Count the lines below that include the word "diagonal", then give that number and no other words.

_RECORD EXCERPTS:_
####################

(* Let $\mathrm{SU}(2)$ be the group of complex unitary $2\times 2$ matrices of determinant $1$. For $A,B,C\in\mathrm{SU}(2)$, the spectral curve of the triple $(A,B,C)$ is the curve in the complex projective plane with homogeneous coordinates $(\lambda:\mu:\nu)$ given by $\det(\lambda A+\mu B+\nu C)=0$; every such curve has the form $$\lambda^2+\mu^2+\nu^2+2p\,\lambda\mu+2q\,\lambda\nu+2r\,\mu\nu=0$$ for some real $p,q,r$. A curve of this form (with $p,q,r\in\mathbb{R}$) is the spectral curve of some triple $(A,B,C)\in\mathrm{SU}(2)^3$ if and only if $(p,q,r)$ lies in the body $$\Delta=\{(p,q,r)\in\mathbb{R}^3:\ -1\le p\le 1,\ -1\le q\le 1,\ -1\le r\le 1,\ 1-p^2-q^2-r^2+2pqr\ge 0\}.$$ *)

theory Defs
  imports "HOL-Analysis.Analysis"
begin

definition conj_transpose :: "complex^'n^'m \<Rightarrow> complex^'m^'n" where
  "conj_transpose A = (\<chi> i j. cnj (A $ j $ i))"

definition SU2 :: "(complex^2^2) set" where
  "SU2 = {A. A ** conj_transpose A = mat 1 \<and> conj_transpose A ** A = mat 1 \<and> det A = 1}"

definition Delta :: "(real \<times> real \<times> real) set" where
  "Delta = {(p, q, r). -1 \<le> p \<and> p \<le> 1 \<and> -1 \<le> q \<and> q \<le> 1 \<and> -1 \<le> r \<and> r \<le> 1
                      \<and> 1 - p^2 - q^2 - r^2 + 2*p*q*r \<ge> 0}"

definition lincomb3 ::
  "complex \<Rightarrow> complex \<Rightarrow> complex \<Rightarrow> complex^2^2 \<Rightarrow> complex^2^2 \<Rightarrow> complex^2^2 \<Rightarrow> complex^2^2" where
  "lincomb3 l m n A B C = (\<chi> i j. l * A $ i $ j + m * B $ i $ j + n * C $ i $ j)"

text \<open>The spectral curve det(l A + m B + n C) = 0 of the triple (A,B,C) is the curve
  l^2 + m^2 + n^2 + 2p lm + 2q ln + 2r mn = 0, i.e. the determinant equals this quadratic form
  identically (both are normalised by the coefficient 1 of l^2, since det A = 1).\<close>
definition has_spectral_curve ::
  "complex^2^2 \<Rightarrow> complex^2^2 \<Rightarrow> complex^2^2 \<Rightarrow> real \<Rightarrow> real \<Rightarrow> real \<Rightarrow> bool" where
  "has_spectral_curve A B C p q r \<longleftrightarrow>
     (\<forall>l m n :: complex. det (lincomb3 l m n A B C) =
        l^2 + m^2 + n^2 + 2 * of_real p * l * m + 2 * of_real q * l * n + 2 * of_real r * m * n)"

end

theory Submission
  imports Defs
begin

text \<open>Writing an element of SU(2) as the matrix with first row (a, b) and second row
  (-cnj b, cnj a), with (a, b) a unit vector of \<open>\<complex>\<^sup>2 = \<real>\<^sup>4\<close>, identifies SU(2) with the unit
  sphere, and det(l A + m B + n C) becomes the quadratic form whose off-diagonal coefficients
  are the real inner products of the three unit vectors. Hence the admissible (p, q, r) are
  exactly the off-diagonal entries of Gram matrices of three unit vectors, i.e. of positive
  semidefinite matrices with unit diagonal, and the last inequality defining Delta is the
  determinant of such a matrix.\<close>

lemma Delta_discriminant:
  fixes p q r :: real
  shows "1 - p^2 - q^2 - r^2 + 2*p*q*r = (1 - p^2) * (1 - q^2) - (r - p*q)^2"
  by (simp add: power2_eq_square algebra_simps)

lemma Gram_unit_vectors_in_Delta:
  fixes u v w :: "'a::real_inner"
  assumes "norm u = 1" "norm v = 1" "norm w = 1"
  shows "(u \<bullet> v, u \<bullet> w, v \<bullet> w) \<in> Delta"
proof -
  have bound: "\<bar>x \<bullet> y\<bar> \<le> 1" if "norm x = 1" "norm y = 1" for x y :: 'a
    using Cauchy_Schwarz_ineq2[of x y] that by simp
  \<comment> \<open>Cauchy-Schwarz for the components of v and w orthogonal to u\<close>
  have "((v - (u \<bullet> v) *\<^sub>R u) \<bullet> (w - (u \<bullet> w) *\<^sub>R u))^2 \<le>
      ((v - (u \<bullet> v) *\<^sub>R u) \<bullet> (v - (u \<bullet> v) *\<^sub>R u)) * ((w - (u \<bullet> w) *\<^sub>R u) \<bullet> (w - (u \<bullet> w) *\<^sub>R u))"
    by (rule Cauchy_Schwarz_ineq)
  then have "(v \<bullet> w - (u \<bullet> v) * (u \<bullet> w))^2 \<le> (1 - (u \<bullet> v)^2) * (1 - (u \<bullet> w)^2)"
    using assms[unfolded norm_eq_1]
    by (simp add: inner_commute power2_eq_square algebra_simps)
  then show ?thesis
    using bound assms unfolding Delta_def Delta_discriminant by (auto simp: abs_le_iff)
qed

lemma Delta_obtain_second_coordinate:
  assumes "(p, q, r) \<in> Delta"
  obtains s where "q^2 + s^2 \<le> 1" "p * q + sqrt (1 - p^2) * s = r"
proof -
  from assms have p2: "p^2 \<le> 1" and q2: "q^2 \<le> 1"
    and disc: "(r - p*q)^2 \<le> (1 - p^2) * (1 - q^2)"
    by (auto simp: Delta_def Delta_discriminant abs_square_le_1 abs_le_iff)
  show ?thesis
  proof (cases "p^2 = 1")
    case True
    then have "r = p * q" using disc by simp
    with True q2 show ?thesis by (intro that[of 0]) auto
  next
    case False
    define c where "c = sqrt (1 - p^2)"
    have c: "c > 0" "c^2 = 1 - p^2" using p2 False by (auto simp: c_def)
    define s where "s = (r - p*q) / c"
    have "c^2 * s^2 \<le> c^2 * (1 - q^2)"
      using c disc by (simp add: s_def power_divide)
    then have "s^2 \<le> 1 - q^2" using c(1) by (simp add: mult_le_cancel_left_pos)
    then have "q^2 + s^2 \<le> 1" by simp
    moreover have "p * q + c * s = r" using c by (simp add: s_def)
    ultimately show ?thesis using that c_def by blast
  qed
qed

lemma inner_complex_pair: "(a, b) \<bullet> (c, d) = Re (a * cnj c + b * cnj d)"
  by (simp add: inner_complex_def)

lemma norm_complex_pair_eq_1: "norm (a, b) = 1 \<longleftrightarrow> a * cnj a + b * cnj b = 1"
  unfolding norm_eq_1 inner_complex_pair by (simp add: complex_eq_iff)

lemma Delta_obtain_Gram_unit_vectors:
  assumes "(p, q, r) \<in> Delta"
  obtains x y z :: "complex \<times> complex"
  where "norm x = 1" "norm y = 1" "norm z = 1" "x \<bullet> y = p" "x \<bullet> z = q" "y \<bullet> z = r"
proof -
  obtain s where s: "q^2 + s^2 \<le> 1" "p * q + sqrt (1 - p^2) * s = r"
    using Delta_obtain_second_coordinate[OF assms] .
  have "p^2 \<le> 1" using assms by (auto simp: Delta_def abs_square_le_1 abs_le_iff)
  \<comment> \<open>Gram-Schmidt in reverse: x and y span the first two real coordinates of \<open>\<real>\<^sup>4\<close>\<close>
  define x where "x = (1 :: complex, 0 :: complex)"
  define y where "y = (Complex p (sqrt (1 - p^2)), 0 :: complex)"
  define z where "z = (Complex q s, complex_of_real (sqrt (1 - q^2 - s^2)))"
  have "norm x = 1" "norm y = 1" "norm z = 1"
    using \<open>p^2 \<le> 1\<close> s unfolding x_def y_def z_def norm_complex_pair_eq_1
    by (simp_all add: complex_eq_iff power2_eq_square)
  moreover have "x \<bullet> y = p" "x \<bullet> z = q" "y \<bullet> z = r"
    using s unfolding x_def y_def z_def inner_complex_pair by simp_all
  ultimately show ?thesis using that by blast
qed

definition su2_matrix :: "complex \<times> complex \<Rightarrow> complex^2^2" where
  "su2_matrix x = (case x of (a, b) \<Rightarrow>
     \<chi> i j. if i = 1 then (if j = 1 then a else b) else (if j = 1 then - cnj b else cnj a))"

lemma su2_matrix_nth [simp]:
  "su2_matrix (a, b) $ 1 $ 1 = a" "su2_matrix (a, b) $ 1 $ 2 = b"
  "su2_matrix (a, b) $ 2 $ 1 = - cnj b" "su2_matrix (a, b) $ 2 $ 2 = cnj a"
  by (simp_all add: su2_matrix_def)

lemma matrix2_eq_iff:
  "(X :: 'a^2^2) = Y \<longleftrightarrow> X$1$1 = Y$1$1 \<and> X$1$2 = Y$1$2 \<and> X$2$1 = Y$2$1 \<and> X$2$2 = Y$2$2"
  by (auto simp: vec_eq_iff forall_2)

lemma SU2_eq_image_unit_sphere: "SU2 = su2_matrix ` {x. norm x = 1}"
proof (intro equalityI subsetI)
  fix A assume "A \<in> SU2"
  then have M: "A ** conj_transpose A = mat 1" and D: "det A = 1" by (auto simp: SU2_def)
  define a b c d where "a = A$1$1" "b = A$1$2" "c = A$2$1" "d = A$2$2"
  have unit: "a * cnj a + b * cnj b = 1"
    using arg_cong[OF M, of "\<lambda>X. X$1$1"]
    by (simp add: matrix_matrix_mult_def sum_2 conj_transpose_def mat_def a_b_c_d_def)
  have "a * cnj c + b * cnj d = 0"
    using arg_cong[OF M, of "\<lambda>X. X$1$2"]
    by (simp add: matrix_matrix_mult_def sum_2 conj_transpose_def mat_def a_b_c_d_def)
  from arg_cong[OF this, of cnj] have orth: "cnj a * c + cnj b * d = 0"
    by simp
  have "a * d - b * c = 1" using D by (simp add: det_2 a_b_c_d_def)
  then have "c = - cnj b" "d = cnj a" using unit orth by algebra+
  then have "A = su2_matrix (a, b)" by (simp add: matrix2_eq_iff a_b_c_d_def)
  moreover have "norm (a, b) = 1" using unit by (simp add: norm_complex_pair_eq_1)
  ultimately show "A \<in> su2_matrix ` {x. norm x = 1}" by blast
next
  fix A assume "A \<in> su2_matrix ` {x. norm x = 1}"
  then obtain a b where A: "A = su2_matrix (a, b)" and unit: "a * cnj a + b * cnj b = 1"
    by (auto simp: norm_complex_pair_eq_1)
  have "A ** conj_transpose A = mat 1" "conj_transpose A ** A = mat 1"
    using unit by (simp_all add: A matrix2_eq_iff matrix_matrix_mult_def sum_2 conj_transpose_def
        mat_def algebra_simps)
  moreover have "det A = 1" using unit by (simp add: A det_2 algebra_simps)
  ultimately show "A \<in> SU2" by (simp add: SU2_def)
qed

lemma add_cnj_pairing_eq_inner:
  "a * cnj c + b * cnj d + (c * cnj a + d * cnj b) = 2 * of_real ((a, b) \<bullet> (c, d))"
proof -
  have "a * cnj c + b * cnj d + (c * cnj a + d * cnj b) =
        (a * cnj c + b * cnj d) + cnj (a * cnj c + b * cnj d)"
    by simp
  also have "\<dots> = 2 * of_real ((a, b) \<bullet> (c, d))"
    unfolding complex_add_cnj inner_complex_pair by simp
  finally show ?thesis .
qed

lemma has_spectral_curve_su2_matrix:
  assumes "norm x = 1" "norm y = 1" "norm z = 1"
  shows "has_spectral_curve (su2_matrix x) (su2_matrix y) (su2_matrix z) (x \<bullet> y) (x \<bullet> z) (y \<bullet> z)"
proof -
  obtain a1 b1 a2 b2 a3 b3 where xyz: "x = (a1, b1)" "y = (a2, b2)" "z = (a3, b3)"
    by (metis surj_pair)
  have "det (lincomb3 l m n (su2_matrix x) (su2_matrix y) (su2_matrix z)) =
      l^2 * (a1 * cnj a1 + b1 * cnj b1) + m^2 * (a2 * cnj a2 + b2 * cnj b2)
      + n^2 * (a3 * cnj a3 + b3 * cnj b3)
      + l * m * (a1 * cnj a2 + b1 * cnj b2 + (a2 * cnj a1 + b2 * cnj b1))
      + l * n * (a1 * cnj a3 + b1 * cnj b3 + (a3 * cnj a1 + b3 * cnj b1))
      + m * n * (a2 * cnj a3 + b2 * cnj b3 + (a3 * cnj a2 + b3 * cnj b2))" for l m n
    unfolding xyz by (simp add: det_2 lincomb3_def) (simp add: algebra_simps power2_eq_square)
  then show ?thesis
    using assms unfolding has_spectral_curve_def xyz norm_complex_pair_eq_1 add_cnj_pairing_eq_inner
    by (simp add: algebra_simps)
qed

lemma has_spectral_curve_unique:
  assumes "has_spectral_curve A B C p q r" "has_spectral_curve A B C p' q' r'"
  shows "p = p' \<and> q = q' \<and> r = r'"
proof -
  have "l^2 + m^2 + n^2 + 2 * of_real p * l * m + 2 * of_real q * l * n + 2 * of_real r * m * n =
        l^2 + m^2 + n^2 + 2 * of_real p' * l * m + 2 * of_real q' * l * n + 2 * of_real r' * m * n"
    for l m n :: complex
    using assms unfolding has_spectral_curve_def by metis
  from this[of 1 1 0] this[of 1 0 1] this[of 0 1 1] show ?thesis by simp
qed

theorem proposition1p1:
  shows "(\<forall>A\<in>SU2. \<forall>B\<in>SU2. \<forall>C\<in>SU2. \<exists>p q r. has_spectral_curve A B C p q r) \<and>
         (\<forall>p q r. (\<exists>A\<in>SU2. \<exists>B\<in>SU2. \<exists>C\<in>SU2. has_spectral_curve A B C p q r)
                   \<longleftrightarrow> (p, q, r) \<in> Delta)"
proof (intro conjI allI iffI)
  show "\<forall>A\<in>SU2. \<forall>B\<in>SU2. \<forall>C\<in>SU2. \<exists>p q r. has_spectral_curve A B C p q r"
    unfolding SU2_eq_image_unit_sphere using has_spectral_curve_su2_matrix by blast
next
  fix p q r
  assume "\<exists>A\<in>SU2. \<exists>B\<in>SU2. \<exists>C\<in>SU2. has_spectral_curve A B C p q r"
  then obtain x y z where unit: "norm x = 1" "norm y = 1" "norm z = 1"
    and curve: "has_spectral_curve (su2_matrix x) (su2_matrix y) (su2_matrix z) p q r"
    unfolding SU2_eq_image_unit_sphere by blast
  have "p = x \<bullet> y \<and> q = x \<bullet> z \<and> r = y \<bullet> z"
    using has_spectral_curve_unique[OF curve has_spectral_curve_su2_matrix[OF unit]] .
  then show "(p, q, r) \<in> Delta" using Gram_unit_vectors_in_Delta[OF unit] by simp
next
  fix p q r
  assume "(p, q, r) \<in> Delta"
  then obtain x y z :: "complex \<times> complex" where "norm x = 1" "norm y = 1" "norm z = 1"
    and "x \<bullet> y = p" "x \<bullet> z = q" "y \<bullet> z = r"
    by (rule Delta_obtain_Gram_unit_vectors)
  then show "\<exists>A\<in>SU2. \<exists>B\<in>SU2. \<exists>C\<in>SU2. has_spectral_curve A B C p q r"
    unfolding SU2_eq_image_unit_sphere using has_spectral_curve_su2_matrix by blast
qed

end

####################

_EXPECTED ANSWER:_
3